4. Patient: Yes, initially I was spending a little time with the doctors but now I spend a lot of time with the doctors.

#### Theme: Stigma and psychosocial support

*Subtheme: Stigma related to CGM* 

5. Provider: I think that has reminded me of the boy in the school. His friends were interested to know what he was wearing … we had gone and talked to the teachers but we could not talk to the whole school, so other students were interested to know what was going on … the boys would react differently. Others were okay with it and tell them it’s … for glucose monitoring. But others … were offended, why do they ask me these questions? Why do they want to see this? I feel that one of the boys was very affected in the sense that he mentioned that he was not comfortable bringing that to the class. So, after discussion, we changed the position, instead of putting it in the arm we put it in the abdomen so that others will not see it. We always advise him not to bring in the receiver, you can keep it in the back, and then you have your shirt covering the sensor.

6. Provider: The other case that we think we experience was not necessarily the case of stigma per se but I think it was just a young lady who faced some resistance from her boyfriend was not happy to have her chip. She stopped wearing it and the decision had been made that she just bring the chip to the clinic. We don’t necessarily look at it as a case of stigma, but it was a unique case.

7. Patient: The only problem was the beeping sound the CGM produces when glucose levels are too high or too low. I get many questions from people about the beeping sound, it makes me uncomfortable.

*Subtheme: Friends/family support* 

8. Patient: I inject insulin three times every day with the help of my husband. This is done in the morning, afternoon and night.

9. Patient: The only time that they help in monitoring my CGM is when am not feeling okay. So in such cases they spend their nights with me so that we can monitor together during the night.

#### Theme: Clinical management

*Subtheme: Clinical decision making* 

10. Provider: One change we made was in a nine year old. At visits their sugars were high. We kept adding insulin but now with the CGM we could see that sugars were low at night. So we reduced the night doses of insulin and increasing the ones in the morning, improving his sugar control.

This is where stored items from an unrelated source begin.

(* Let $d\geq 1$ and let $x_1,\dots,x_m\in\mathbb{R}^d$ be distinct vectors such that $\|x_i+x_j\|_2=1$ for all $i\neq j$, where $\|\cdot\|_2$ is the Euclidean norm. Then $m\leq d+1$ if $d\neq 2$, and $m\leq 4$ if $d=2$. Both bounds are attained: for each $d$ there exist such configurations with $m=d+1$ (if $d\neq 2$) and $m=4$ (if $d=2$). *)

theory Defs
  imports "HOL-Analysis.Analysis"
begin

end

theory Submission
  imports Defs
begin

(* Upper bound, using only that more than d vectors are linearly dependent:
   (a) if all norm (x_i) > 1/2 and m > d + 1, an affine dependence
       sum mu_i x_i = 0, sum mu_i = 0 makes mu_j (4 norm(x_j)^2 - 1) constant,
       whence sum mu_j^2 (4 norm(x_j)^2 - 1) = 0 and mu = 0;
   (b) if norm (x_0) <= 1/2, the vectors x_i - x_0 have constant pairwise
       inner product e = 2 norm(x_0)^2 - 1/2 <= 0, and a dependence among any
       d + 1 of them forces d + 1 = 3; for d = 2 it excludes a fifth point.
   Lower bound: four explicit points in a plane for d = 2, and the vectors
   b_i / sqrt 2 plus a multiple of b_1 + ... + b_d for an orthonormal basis. *)

lemma nontrivial_vanishing_combination:
  fixes y :: "'i \<Rightarrow> 'a::euclidean_space"
  assumes "finite T" "inj_on y T" "DIM('a) < card T"
  shows "\<exists>\<mu>. (\<exists>i\<in>T. \<mu> i \<noteq> 0) \<and> (\<Sum>i\<in>T. \<mu> i *\<^sub>R y i) = 0"
proof -
  have "dependent (y ` T)"
    by (rule dependent_biggerset) (use assms card_image[OF assms(2)] in simp)
  then obtain u where u: "\<exists>v\<in>y ` T. u v \<noteq> 0" "(\<Sum>v\<in>y ` T. u v *\<^sub>R v) = 0"
    using dependent_finite[OF finite_imageI[OF assms(1)]] by blast
  have "(\<Sum>v\<in>y ` T. u v *\<^sub>R v) = (\<Sum>i\<in>T. u (y i) *\<^sub>R y i)"
    using sum.reindex[OF assms(2)] by simp
  then show ?thesis using u by (intro exI[of _ "\<lambda>i. u (y i)"]) auto
qed

lemma norm_add_eq_1_iff:
  fixes x y :: "'a::real_inner"
  shows "norm (x + y) = 1 \<longleftrightarrow> (norm x)\<^sup>2 + 2 * inner x y + (norm y)\<^sup>2 = 1"
  by (simp add: norm_eq_1 power2_norm_eq_inner inner_add_left inner_add_right
      inner_commute[of y x] add_ac)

*Subtheme: Self-intervention* 

11. Provider: Okay, the first thing is they are able to check or monitor their blood sugar level 24 hours a day. This helps them improve their self-care knowledge and understanding of hyperglycemia, they are able to see the signs of hyperglycemia and what happens when they eat foods. So CGM was an opportunity to have real time knowledge. So okay … let me take a drink of coke and see what will happen. They see the graph is going up and the alarm goes off …. Then oh yeah really coca cola increases the blood sugar. Okay my blood sugar is above 200 and there is an alarm, let me take a cup of water and see. They will take a cup of water and sees the graph is going down. Yeah now they are able to make a clear solution and say okay when I see this, when I feel this it really means my blood sugar is going low. When I see this or feel this my blood sugar is going high. CGM guides them on what to eat at that time.

12. Patient: Yes, because I was given the CGM so it is easy for me to check my glucose levels since I go with it everywhere I go.

#### Theme: Device usage

*Subtheme: Beeping* 

13. Provider: Some reported alarms and knowing what was happening to their blood was irritating. It was better for them not to know.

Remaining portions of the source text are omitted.